▶ PROBLEM STATEMENT: If a line in the data holds "annihilator", copy that line out in full.

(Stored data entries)
++++++++++++++++++++
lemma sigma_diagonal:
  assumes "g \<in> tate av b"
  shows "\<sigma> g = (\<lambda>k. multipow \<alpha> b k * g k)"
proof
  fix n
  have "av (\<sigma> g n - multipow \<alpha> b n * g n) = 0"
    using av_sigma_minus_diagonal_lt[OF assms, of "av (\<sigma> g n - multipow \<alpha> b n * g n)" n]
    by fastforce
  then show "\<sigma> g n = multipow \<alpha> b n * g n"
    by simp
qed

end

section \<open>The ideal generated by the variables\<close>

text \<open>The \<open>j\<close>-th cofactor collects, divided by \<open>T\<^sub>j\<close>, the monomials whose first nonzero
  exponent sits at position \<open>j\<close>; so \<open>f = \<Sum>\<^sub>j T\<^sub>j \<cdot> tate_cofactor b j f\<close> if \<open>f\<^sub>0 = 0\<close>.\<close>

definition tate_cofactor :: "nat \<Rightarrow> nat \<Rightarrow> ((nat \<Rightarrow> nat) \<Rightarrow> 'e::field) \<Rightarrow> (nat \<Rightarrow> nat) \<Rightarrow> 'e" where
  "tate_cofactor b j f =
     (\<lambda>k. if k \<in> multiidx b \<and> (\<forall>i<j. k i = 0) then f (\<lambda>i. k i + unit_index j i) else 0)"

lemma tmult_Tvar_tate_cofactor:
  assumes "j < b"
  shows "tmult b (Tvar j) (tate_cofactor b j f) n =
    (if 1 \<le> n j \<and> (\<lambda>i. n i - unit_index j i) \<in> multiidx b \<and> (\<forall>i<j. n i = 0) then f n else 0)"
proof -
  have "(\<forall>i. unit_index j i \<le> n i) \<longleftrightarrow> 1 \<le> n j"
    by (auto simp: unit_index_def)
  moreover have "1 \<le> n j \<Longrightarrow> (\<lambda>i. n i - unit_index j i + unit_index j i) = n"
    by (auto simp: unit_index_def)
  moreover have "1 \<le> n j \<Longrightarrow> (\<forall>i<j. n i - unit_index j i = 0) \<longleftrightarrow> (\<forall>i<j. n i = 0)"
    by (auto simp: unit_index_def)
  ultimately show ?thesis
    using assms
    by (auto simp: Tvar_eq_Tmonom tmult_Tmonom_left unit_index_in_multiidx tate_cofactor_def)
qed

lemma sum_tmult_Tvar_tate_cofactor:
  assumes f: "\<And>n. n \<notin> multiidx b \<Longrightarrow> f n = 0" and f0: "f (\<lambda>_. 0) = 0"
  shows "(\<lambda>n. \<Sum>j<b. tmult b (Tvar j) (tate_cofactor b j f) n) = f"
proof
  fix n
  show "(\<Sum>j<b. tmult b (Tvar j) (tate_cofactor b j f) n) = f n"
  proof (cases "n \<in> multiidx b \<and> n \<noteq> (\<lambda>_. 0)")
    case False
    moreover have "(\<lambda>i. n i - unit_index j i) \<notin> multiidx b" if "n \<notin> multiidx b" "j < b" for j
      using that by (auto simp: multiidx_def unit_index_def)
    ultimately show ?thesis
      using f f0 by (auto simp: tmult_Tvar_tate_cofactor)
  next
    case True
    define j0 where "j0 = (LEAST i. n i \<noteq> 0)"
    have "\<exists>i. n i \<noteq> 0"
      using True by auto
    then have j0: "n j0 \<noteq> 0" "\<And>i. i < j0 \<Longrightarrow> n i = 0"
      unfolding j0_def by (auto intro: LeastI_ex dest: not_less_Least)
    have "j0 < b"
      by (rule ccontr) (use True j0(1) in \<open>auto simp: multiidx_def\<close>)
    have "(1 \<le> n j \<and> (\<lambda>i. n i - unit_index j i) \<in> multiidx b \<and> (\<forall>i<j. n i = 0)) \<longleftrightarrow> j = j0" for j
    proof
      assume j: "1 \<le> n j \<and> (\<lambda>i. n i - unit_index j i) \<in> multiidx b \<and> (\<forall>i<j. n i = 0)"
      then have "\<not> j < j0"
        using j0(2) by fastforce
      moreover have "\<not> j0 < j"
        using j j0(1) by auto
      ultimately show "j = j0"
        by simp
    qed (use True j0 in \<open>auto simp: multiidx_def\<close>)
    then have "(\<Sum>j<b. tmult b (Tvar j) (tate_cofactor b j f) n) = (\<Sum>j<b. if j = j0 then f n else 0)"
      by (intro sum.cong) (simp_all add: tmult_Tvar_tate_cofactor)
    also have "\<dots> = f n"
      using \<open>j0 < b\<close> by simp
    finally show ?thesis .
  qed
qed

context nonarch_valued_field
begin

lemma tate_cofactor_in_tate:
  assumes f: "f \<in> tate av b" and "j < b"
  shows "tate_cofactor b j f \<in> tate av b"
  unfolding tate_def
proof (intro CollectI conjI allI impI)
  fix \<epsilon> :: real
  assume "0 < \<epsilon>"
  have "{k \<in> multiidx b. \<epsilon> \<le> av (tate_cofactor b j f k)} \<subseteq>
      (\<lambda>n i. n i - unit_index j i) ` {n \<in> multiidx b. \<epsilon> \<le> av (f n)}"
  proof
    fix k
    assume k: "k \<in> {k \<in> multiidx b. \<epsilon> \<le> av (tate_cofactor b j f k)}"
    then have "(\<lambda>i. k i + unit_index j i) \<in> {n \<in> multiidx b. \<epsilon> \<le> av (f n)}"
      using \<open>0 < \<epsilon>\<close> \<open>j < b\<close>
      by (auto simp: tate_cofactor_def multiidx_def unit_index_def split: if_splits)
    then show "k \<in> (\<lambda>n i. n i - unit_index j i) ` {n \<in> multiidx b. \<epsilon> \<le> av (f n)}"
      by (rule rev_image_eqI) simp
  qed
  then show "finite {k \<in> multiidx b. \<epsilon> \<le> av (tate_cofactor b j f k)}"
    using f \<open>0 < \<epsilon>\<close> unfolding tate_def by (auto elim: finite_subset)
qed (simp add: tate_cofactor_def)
++++++++++++++++++++
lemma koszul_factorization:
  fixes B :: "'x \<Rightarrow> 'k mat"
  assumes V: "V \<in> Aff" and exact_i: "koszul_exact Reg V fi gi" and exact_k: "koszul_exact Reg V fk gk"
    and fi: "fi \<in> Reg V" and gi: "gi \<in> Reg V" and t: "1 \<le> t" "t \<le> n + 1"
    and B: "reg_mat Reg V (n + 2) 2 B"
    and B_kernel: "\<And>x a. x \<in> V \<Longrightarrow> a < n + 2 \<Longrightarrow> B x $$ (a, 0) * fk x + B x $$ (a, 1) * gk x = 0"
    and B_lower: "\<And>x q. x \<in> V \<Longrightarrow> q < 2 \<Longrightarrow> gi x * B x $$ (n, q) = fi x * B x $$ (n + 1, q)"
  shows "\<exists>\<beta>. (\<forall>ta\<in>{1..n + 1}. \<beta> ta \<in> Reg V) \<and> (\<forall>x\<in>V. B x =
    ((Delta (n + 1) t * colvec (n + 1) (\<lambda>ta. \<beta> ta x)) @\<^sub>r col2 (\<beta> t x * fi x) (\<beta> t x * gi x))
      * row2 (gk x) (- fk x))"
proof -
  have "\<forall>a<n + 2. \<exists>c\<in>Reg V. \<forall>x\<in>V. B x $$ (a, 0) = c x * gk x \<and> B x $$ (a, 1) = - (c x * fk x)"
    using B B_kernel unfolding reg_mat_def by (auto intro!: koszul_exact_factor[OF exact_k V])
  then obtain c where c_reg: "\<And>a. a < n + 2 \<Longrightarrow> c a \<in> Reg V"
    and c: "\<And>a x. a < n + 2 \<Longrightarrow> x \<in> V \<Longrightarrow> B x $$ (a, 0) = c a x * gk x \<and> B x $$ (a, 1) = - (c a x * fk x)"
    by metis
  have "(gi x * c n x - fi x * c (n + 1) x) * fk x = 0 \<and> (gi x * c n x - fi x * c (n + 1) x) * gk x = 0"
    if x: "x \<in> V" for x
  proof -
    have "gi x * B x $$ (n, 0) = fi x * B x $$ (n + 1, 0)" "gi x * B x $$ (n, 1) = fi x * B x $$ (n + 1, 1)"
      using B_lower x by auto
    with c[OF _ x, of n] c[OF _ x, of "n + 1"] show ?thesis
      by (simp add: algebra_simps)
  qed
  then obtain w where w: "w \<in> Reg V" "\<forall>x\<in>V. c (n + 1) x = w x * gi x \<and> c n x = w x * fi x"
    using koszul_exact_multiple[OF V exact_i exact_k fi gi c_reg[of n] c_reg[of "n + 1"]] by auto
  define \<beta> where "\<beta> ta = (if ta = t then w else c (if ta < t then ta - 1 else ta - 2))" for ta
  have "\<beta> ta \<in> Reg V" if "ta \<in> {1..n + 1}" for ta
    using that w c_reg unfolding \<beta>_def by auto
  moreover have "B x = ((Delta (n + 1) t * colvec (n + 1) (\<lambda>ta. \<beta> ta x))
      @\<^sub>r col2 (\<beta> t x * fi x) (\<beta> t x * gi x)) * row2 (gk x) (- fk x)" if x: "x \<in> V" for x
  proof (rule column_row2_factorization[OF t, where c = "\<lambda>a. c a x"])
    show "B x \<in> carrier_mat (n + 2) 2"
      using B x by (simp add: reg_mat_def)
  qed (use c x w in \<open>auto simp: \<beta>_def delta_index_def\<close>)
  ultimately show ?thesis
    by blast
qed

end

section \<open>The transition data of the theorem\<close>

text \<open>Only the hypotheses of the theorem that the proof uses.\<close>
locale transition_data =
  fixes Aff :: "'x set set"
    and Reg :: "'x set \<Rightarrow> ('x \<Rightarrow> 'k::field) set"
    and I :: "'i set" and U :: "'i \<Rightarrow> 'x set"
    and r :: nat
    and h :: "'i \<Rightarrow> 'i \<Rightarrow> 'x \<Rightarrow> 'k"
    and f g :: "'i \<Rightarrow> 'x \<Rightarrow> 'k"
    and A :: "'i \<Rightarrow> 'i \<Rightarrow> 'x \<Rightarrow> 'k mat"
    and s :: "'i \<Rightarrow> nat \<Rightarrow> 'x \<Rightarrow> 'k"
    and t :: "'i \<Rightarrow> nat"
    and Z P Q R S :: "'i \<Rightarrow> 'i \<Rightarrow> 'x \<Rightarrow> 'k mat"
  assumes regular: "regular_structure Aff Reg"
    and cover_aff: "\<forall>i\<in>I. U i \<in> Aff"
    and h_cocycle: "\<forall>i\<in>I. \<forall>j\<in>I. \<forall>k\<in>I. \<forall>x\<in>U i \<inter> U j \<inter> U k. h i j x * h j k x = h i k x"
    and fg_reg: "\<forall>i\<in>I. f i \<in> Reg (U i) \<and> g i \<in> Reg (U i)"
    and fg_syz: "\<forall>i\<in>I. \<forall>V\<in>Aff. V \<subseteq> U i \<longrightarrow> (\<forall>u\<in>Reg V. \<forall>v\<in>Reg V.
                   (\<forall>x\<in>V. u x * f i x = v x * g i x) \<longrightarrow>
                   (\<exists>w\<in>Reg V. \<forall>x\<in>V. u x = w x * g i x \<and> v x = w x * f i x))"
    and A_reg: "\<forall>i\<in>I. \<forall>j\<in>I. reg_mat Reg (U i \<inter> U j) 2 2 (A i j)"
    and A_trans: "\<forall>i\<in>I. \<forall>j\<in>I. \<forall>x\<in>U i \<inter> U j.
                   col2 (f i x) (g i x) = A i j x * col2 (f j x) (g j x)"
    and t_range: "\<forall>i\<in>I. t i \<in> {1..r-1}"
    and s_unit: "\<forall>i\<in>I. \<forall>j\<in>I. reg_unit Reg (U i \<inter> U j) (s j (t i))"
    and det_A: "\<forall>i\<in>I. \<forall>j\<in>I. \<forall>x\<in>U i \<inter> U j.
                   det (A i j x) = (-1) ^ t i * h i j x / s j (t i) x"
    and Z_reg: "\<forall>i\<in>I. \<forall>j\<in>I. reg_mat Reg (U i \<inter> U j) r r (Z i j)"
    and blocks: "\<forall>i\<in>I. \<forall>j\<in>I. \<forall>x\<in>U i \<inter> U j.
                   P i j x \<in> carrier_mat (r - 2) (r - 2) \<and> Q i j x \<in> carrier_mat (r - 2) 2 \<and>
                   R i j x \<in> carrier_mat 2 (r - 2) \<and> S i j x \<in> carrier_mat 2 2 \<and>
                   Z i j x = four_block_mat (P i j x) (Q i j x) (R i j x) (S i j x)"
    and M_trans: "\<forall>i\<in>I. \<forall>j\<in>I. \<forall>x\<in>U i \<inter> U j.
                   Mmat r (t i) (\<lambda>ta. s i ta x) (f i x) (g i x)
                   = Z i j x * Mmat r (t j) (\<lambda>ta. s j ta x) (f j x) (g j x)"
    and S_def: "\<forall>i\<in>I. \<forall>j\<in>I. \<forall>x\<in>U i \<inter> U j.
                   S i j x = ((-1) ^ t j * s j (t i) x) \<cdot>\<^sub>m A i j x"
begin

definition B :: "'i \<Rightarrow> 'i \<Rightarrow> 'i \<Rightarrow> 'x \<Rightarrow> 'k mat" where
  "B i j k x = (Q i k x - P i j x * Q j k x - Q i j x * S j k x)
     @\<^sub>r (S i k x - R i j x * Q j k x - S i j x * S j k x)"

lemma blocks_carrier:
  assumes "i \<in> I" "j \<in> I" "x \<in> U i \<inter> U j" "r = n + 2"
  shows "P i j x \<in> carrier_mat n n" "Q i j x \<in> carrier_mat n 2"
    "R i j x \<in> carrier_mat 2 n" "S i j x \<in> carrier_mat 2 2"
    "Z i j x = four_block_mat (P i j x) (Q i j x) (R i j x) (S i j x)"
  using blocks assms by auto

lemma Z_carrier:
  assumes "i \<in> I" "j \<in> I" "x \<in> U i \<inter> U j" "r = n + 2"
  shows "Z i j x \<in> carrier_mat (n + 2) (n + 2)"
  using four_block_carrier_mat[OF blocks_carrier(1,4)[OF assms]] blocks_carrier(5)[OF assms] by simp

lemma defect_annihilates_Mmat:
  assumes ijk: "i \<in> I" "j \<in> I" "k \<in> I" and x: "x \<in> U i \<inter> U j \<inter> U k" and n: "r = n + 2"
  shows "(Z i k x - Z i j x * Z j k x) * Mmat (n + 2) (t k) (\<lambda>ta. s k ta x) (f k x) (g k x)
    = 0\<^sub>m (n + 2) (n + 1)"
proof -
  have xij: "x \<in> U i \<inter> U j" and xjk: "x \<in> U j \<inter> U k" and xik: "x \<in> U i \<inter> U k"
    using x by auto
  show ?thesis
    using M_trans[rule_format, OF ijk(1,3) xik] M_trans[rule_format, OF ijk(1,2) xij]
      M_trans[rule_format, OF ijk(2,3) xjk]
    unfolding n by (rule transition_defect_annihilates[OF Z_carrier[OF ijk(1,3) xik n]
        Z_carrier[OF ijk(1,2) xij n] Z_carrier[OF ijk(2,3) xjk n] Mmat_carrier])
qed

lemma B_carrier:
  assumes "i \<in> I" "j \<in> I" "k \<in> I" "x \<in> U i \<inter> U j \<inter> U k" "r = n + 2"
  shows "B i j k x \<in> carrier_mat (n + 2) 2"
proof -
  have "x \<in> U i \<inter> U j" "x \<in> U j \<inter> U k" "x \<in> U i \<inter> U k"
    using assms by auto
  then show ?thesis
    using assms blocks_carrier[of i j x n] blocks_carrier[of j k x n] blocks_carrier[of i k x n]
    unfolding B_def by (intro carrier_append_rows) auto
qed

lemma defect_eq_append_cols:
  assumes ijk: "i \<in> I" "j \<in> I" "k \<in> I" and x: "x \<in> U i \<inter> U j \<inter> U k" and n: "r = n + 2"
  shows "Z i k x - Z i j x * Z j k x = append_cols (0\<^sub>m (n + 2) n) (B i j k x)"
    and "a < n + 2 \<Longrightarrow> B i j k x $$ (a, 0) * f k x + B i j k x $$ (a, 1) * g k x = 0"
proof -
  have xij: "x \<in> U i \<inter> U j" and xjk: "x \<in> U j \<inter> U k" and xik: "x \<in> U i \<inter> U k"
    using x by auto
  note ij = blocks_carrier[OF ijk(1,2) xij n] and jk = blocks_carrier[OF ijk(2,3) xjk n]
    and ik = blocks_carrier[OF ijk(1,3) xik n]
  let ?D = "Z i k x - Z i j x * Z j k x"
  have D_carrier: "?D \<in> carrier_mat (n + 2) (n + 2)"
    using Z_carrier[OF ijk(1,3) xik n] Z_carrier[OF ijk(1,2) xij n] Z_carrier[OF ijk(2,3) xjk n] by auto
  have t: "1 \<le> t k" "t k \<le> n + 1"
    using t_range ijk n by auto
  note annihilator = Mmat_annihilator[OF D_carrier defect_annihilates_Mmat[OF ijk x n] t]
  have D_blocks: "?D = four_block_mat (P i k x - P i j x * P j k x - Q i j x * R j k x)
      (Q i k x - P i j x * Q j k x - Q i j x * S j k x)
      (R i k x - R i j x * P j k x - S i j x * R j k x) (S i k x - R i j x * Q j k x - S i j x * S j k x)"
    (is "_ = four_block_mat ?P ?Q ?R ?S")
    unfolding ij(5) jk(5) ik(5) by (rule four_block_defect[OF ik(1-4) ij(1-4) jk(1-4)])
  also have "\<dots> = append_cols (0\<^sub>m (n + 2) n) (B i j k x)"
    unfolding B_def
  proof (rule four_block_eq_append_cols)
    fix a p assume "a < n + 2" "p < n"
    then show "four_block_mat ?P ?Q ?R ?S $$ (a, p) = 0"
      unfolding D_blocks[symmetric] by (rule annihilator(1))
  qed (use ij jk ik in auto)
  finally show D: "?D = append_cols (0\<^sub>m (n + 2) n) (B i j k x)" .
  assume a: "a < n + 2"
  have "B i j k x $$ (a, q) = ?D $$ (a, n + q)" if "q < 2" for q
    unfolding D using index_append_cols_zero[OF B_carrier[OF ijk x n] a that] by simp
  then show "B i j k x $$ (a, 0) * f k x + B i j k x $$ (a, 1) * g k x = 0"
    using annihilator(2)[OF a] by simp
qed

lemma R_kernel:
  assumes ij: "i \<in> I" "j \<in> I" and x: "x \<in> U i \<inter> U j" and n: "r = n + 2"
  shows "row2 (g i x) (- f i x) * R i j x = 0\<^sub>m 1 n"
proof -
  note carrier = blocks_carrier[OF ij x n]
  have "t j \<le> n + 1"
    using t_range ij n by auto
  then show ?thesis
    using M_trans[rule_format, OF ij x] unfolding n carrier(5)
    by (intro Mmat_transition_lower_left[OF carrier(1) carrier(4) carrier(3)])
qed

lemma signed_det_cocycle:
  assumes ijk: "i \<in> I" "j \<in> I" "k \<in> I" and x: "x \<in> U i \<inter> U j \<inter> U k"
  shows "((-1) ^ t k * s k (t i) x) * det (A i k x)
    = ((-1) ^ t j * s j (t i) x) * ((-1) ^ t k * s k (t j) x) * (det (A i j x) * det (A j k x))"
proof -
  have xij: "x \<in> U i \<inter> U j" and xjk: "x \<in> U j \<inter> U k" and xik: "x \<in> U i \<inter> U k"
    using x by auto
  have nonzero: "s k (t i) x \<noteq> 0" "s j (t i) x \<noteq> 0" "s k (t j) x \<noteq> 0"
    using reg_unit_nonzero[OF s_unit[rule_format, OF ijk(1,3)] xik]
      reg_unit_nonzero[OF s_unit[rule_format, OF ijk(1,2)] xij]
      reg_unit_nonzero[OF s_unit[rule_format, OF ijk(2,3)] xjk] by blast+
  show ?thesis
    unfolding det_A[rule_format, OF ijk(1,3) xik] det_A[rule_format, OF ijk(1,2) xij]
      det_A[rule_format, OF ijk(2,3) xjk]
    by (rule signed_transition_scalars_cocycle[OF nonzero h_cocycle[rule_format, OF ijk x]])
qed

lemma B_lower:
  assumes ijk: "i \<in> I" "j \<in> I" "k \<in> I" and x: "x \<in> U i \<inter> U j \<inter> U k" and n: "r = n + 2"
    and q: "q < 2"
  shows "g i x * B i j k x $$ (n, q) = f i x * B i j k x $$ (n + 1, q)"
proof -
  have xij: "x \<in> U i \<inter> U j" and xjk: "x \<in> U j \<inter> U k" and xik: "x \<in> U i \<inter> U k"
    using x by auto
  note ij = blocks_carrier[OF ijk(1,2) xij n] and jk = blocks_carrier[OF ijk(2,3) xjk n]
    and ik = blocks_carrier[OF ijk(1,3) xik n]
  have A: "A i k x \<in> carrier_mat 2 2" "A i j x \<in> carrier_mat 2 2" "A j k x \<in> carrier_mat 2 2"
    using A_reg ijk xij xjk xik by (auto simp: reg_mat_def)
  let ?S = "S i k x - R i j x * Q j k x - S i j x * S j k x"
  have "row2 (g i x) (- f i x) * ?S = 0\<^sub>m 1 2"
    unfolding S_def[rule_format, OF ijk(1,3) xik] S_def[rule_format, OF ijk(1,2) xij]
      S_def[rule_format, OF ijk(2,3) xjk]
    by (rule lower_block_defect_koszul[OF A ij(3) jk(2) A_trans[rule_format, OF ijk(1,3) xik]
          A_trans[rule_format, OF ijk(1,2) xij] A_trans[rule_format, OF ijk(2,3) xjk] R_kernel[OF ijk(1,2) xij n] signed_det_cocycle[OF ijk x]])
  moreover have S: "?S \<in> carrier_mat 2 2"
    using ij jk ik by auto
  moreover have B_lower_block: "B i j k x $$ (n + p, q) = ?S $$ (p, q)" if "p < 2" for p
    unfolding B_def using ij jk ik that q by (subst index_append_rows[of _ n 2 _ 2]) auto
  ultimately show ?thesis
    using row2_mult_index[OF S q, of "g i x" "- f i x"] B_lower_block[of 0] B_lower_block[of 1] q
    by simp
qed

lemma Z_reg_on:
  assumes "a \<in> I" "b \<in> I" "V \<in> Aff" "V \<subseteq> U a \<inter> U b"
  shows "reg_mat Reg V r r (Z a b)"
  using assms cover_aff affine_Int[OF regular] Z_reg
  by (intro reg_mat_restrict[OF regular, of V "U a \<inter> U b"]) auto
++++++++++++++++++++
▶ TASK ANSWER:
  note annihilator = Mmat_annihilator[OF D_carrier defect_annihilates_Mmat[OF ijk x n] t]
      unfolding D_blocks[symmetric] by (rule annihilator(1))
    using annihilator(2)[OF a] by simp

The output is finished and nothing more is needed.